Please give back an exact reproduction of the lines from the one with "by (simp add: k pq)" through the end of the entries below, and no others.

_____

lemma row_crossing_row_length:
  assumes p: "p \<in> row_crossing Q k c" and q: "q \<in> row_crossing Q k c" and "snd p = snd q"
    and gap_le: "gap k p \<le> int d" "gap k q \<le> int d" and "fst k \<noteq> 0"
  shows "of_int (fst q - fst p) \<le> min (of_int \<bar>fst k\<bar> - 1) (real d / (2 * of_int \<bar>fst k\<bar>))"
proof -
  obtain a b x x' y where k: "k = (a, b)" and pq: "p = (x, y)" "q = (x', y)"
    using \<open>snd p = snd q\<close> by (cases k, cases p, cases q) auto
  define m where "m = Q - of_int ((y - c)\<^sup>2)"
  have "m \<le> of_int (x\<^sup>2)" "m \<le> of_int (x'\<^sup>2)" "of_int ((x - a)\<^sup>2) < m" "of_int ((x' - a)\<^sup>2) < m"
    using p q by (auto simp: row_crossing_def sqnorm_def m_def k pq)
  then have "x' - x < \<bar>a\<bar>"
    by (rule crossing_diff_lt_shift)
  then have "real_of_int (x' - x) \<le> real_of_int (\<bar>a\<bar> - 1)"
    by (simp only: of_int_le_iff)
  moreover have "gap k q - gap k p = 2 * a * (x' - x)"
    by (simp add: gap_def k pq algebra_simps)
  then have "2 * \<bar>a\<bar> * \<bar>x' - x\<bar> \<le> int d"
    using gap_le gap_pos[of p Q k] gap_pos[of q Q k] p q
    by (auto simp: row_crossing_def abs_mult)
  then have "2 * \<bar>a\<bar> * (x' - x) \<le> int d"
    using mult_left_mono[of "x' - x" "\<bar>x' - x\<bar>" "2 * \<bar>a\<bar>"] by linarith
  then have "real_of_int (2 * \<bar>a\<bar> * (x' - x)) \<le> real_of_int (int d)"
    by (simp only: of_int_le_iff)
  then have "of_int (x' - x) \<le> real d / (2 * of_int \<bar>a\<bar>)"
    using \<open>fst k \<noteq> 0\<close> by (simp add: k pos_le_divide_eq mult_ac)
  ultimately show ?thesis
    by (simp add: k pq)
qed

lemma rows_times_row_length_le:
  fixes A D :: real
  assumes "1 \<le> A" "1 \<le> D"
  shows "(D / A + 2 * sqrt D + 1) * (min (A - 1) (D / (2 * A)) + 1) \<le> 7 * D"
proof -
  define m where "m = min (A - 1) (D / (2 * A)) + 1"
  have "1 \<le> sqrt D" "sqrt D * sqrt D = D"
    using assms by simp_all
  have "1 \<le> m" "m \<le> A"
    using assms by (simp_all add: m_def)
  have "m \<le> 2 * sqrt D"
  proof (cases "A \<le> sqrt D")
    case True
    then show ?thesis
      using \<open>m \<le> A\<close> \<open>1 \<le> sqrt D\<close> by linarith
  next
    case False
    then have "D / (2 * A) \<le> D / (2 * sqrt D)"
      using assms by (intro divide_left_mono) auto
    also have "\<dots> = sqrt D / 2"
      using \<open>sqrt D * sqrt D = D\<close> \<open>1 \<le> sqrt D\<close> by (simp add: field_simps)
    finally have "m \<le> sqrt D / 2 + 1"
      unfolding m_def by linarith
    then show ?thesis
      using \<open>1 \<le> sqrt D\<close> by linarith
  qed
  have "(D / A + 2 * sqrt D + 1) * m = D / A * m + (2 * sqrt D + 1) * m"
    by (simp add: algebra_simps)
  also have "\<dots> \<le> D + 3 * sqrt D * (2 * sqrt D)"
  proof (rule add_mono)
    show "D / A * m \<le> D"
      using \<open>m \<le> A\<close> assms by (simp add: field_simps)
    show "(2 * sqrt D + 1) * m \<le> 3 * sqrt D * (2 * sqrt D)"
      using \<open>m \<le> 2 * sqrt D\<close> \<open>1 \<le> m\<close> \<open>1 \<le> sqrt D\<close> by (intro mult_mono) auto
  qed
  also have "\<dots> = 7 * D"
    using \<open>sqrt D * sqrt D = D\<close> by (simp add: algebra_simps)
  finally show ?thesis
    by (simp only: m_def)
qed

_____

» Task solution:
    by (simp add: k pq)
qed

lemma rows_times_row_length_le:
  fixes A D :: real
  assumes "1 \<le> A" "1 \<le> D"
  shows "(D / A + 2 * sqrt D + 1) * (min (A - 1) (D / (2 * A)) + 1) \<le> 7 * D"
proof -
  define m where "m = min (A - 1) (D / (2 * A)) + 1"
  have "1 \<le> sqrt D" "sqrt D * sqrt D = D"
    using assms by simp_all
  have "1 \<le> m" "m \<le> A"
    using assms by (simp_all add: m_def)
  have "m \<le> 2 * sqrt D"
  proof (cases "A \<le> sqrt D")
    case True
    then show ?thesis
      using \<open>m \<le> A\<close> \<open>1 \<le> sqrt D\<close> by linarith
  next
    case False
    then have "D / (2 * A) \<le> D / (2 * sqrt D)"
      using assms by (intro divide_left_mono) auto
    also have "\<dots> = sqrt D / 2"
      using \<open>sqrt D * sqrt D = D\<close> \<open>1 \<le> sqrt D\<close> by (simp add: field_simps)
    finally have "m \<le> sqrt D / 2 + 1"
      unfolding m_def by linarith
    then show ?thesis
      using \<open>1 \<le> sqrt D\<close> by linarith
  qed
  have "(D / A + 2 * sqrt D + 1) * m = D / A * m + (2 * sqrt D + 1) * m"
    by (simp add: algebra_simps)
  also have "\<dots> \<le> D + 3 * sqrt D * (2 * sqrt D)"
  proof (rule add_mono)
    show "D / A * m \<le> D"
      using \<open>m \<le> A\<close> assms by (simp add: field_simps)
    show "(2 * sqrt D + 1) * m \<le> 3 * sqrt D * (2 * sqrt D)"
      using \<open>m \<le> 2 * sqrt D\<close> \<open>1 \<le> m\<close> \<open>1 \<le> sqrt D\<close> by (intro mult_mono) auto
  qed
  also have "\<dots> = 7 * D"
    using \<open>sqrt D * sqrt D = D\<close> by (simp add: algebra_simps)
  finally show ?thesis
    by (simp only: m_def)
qed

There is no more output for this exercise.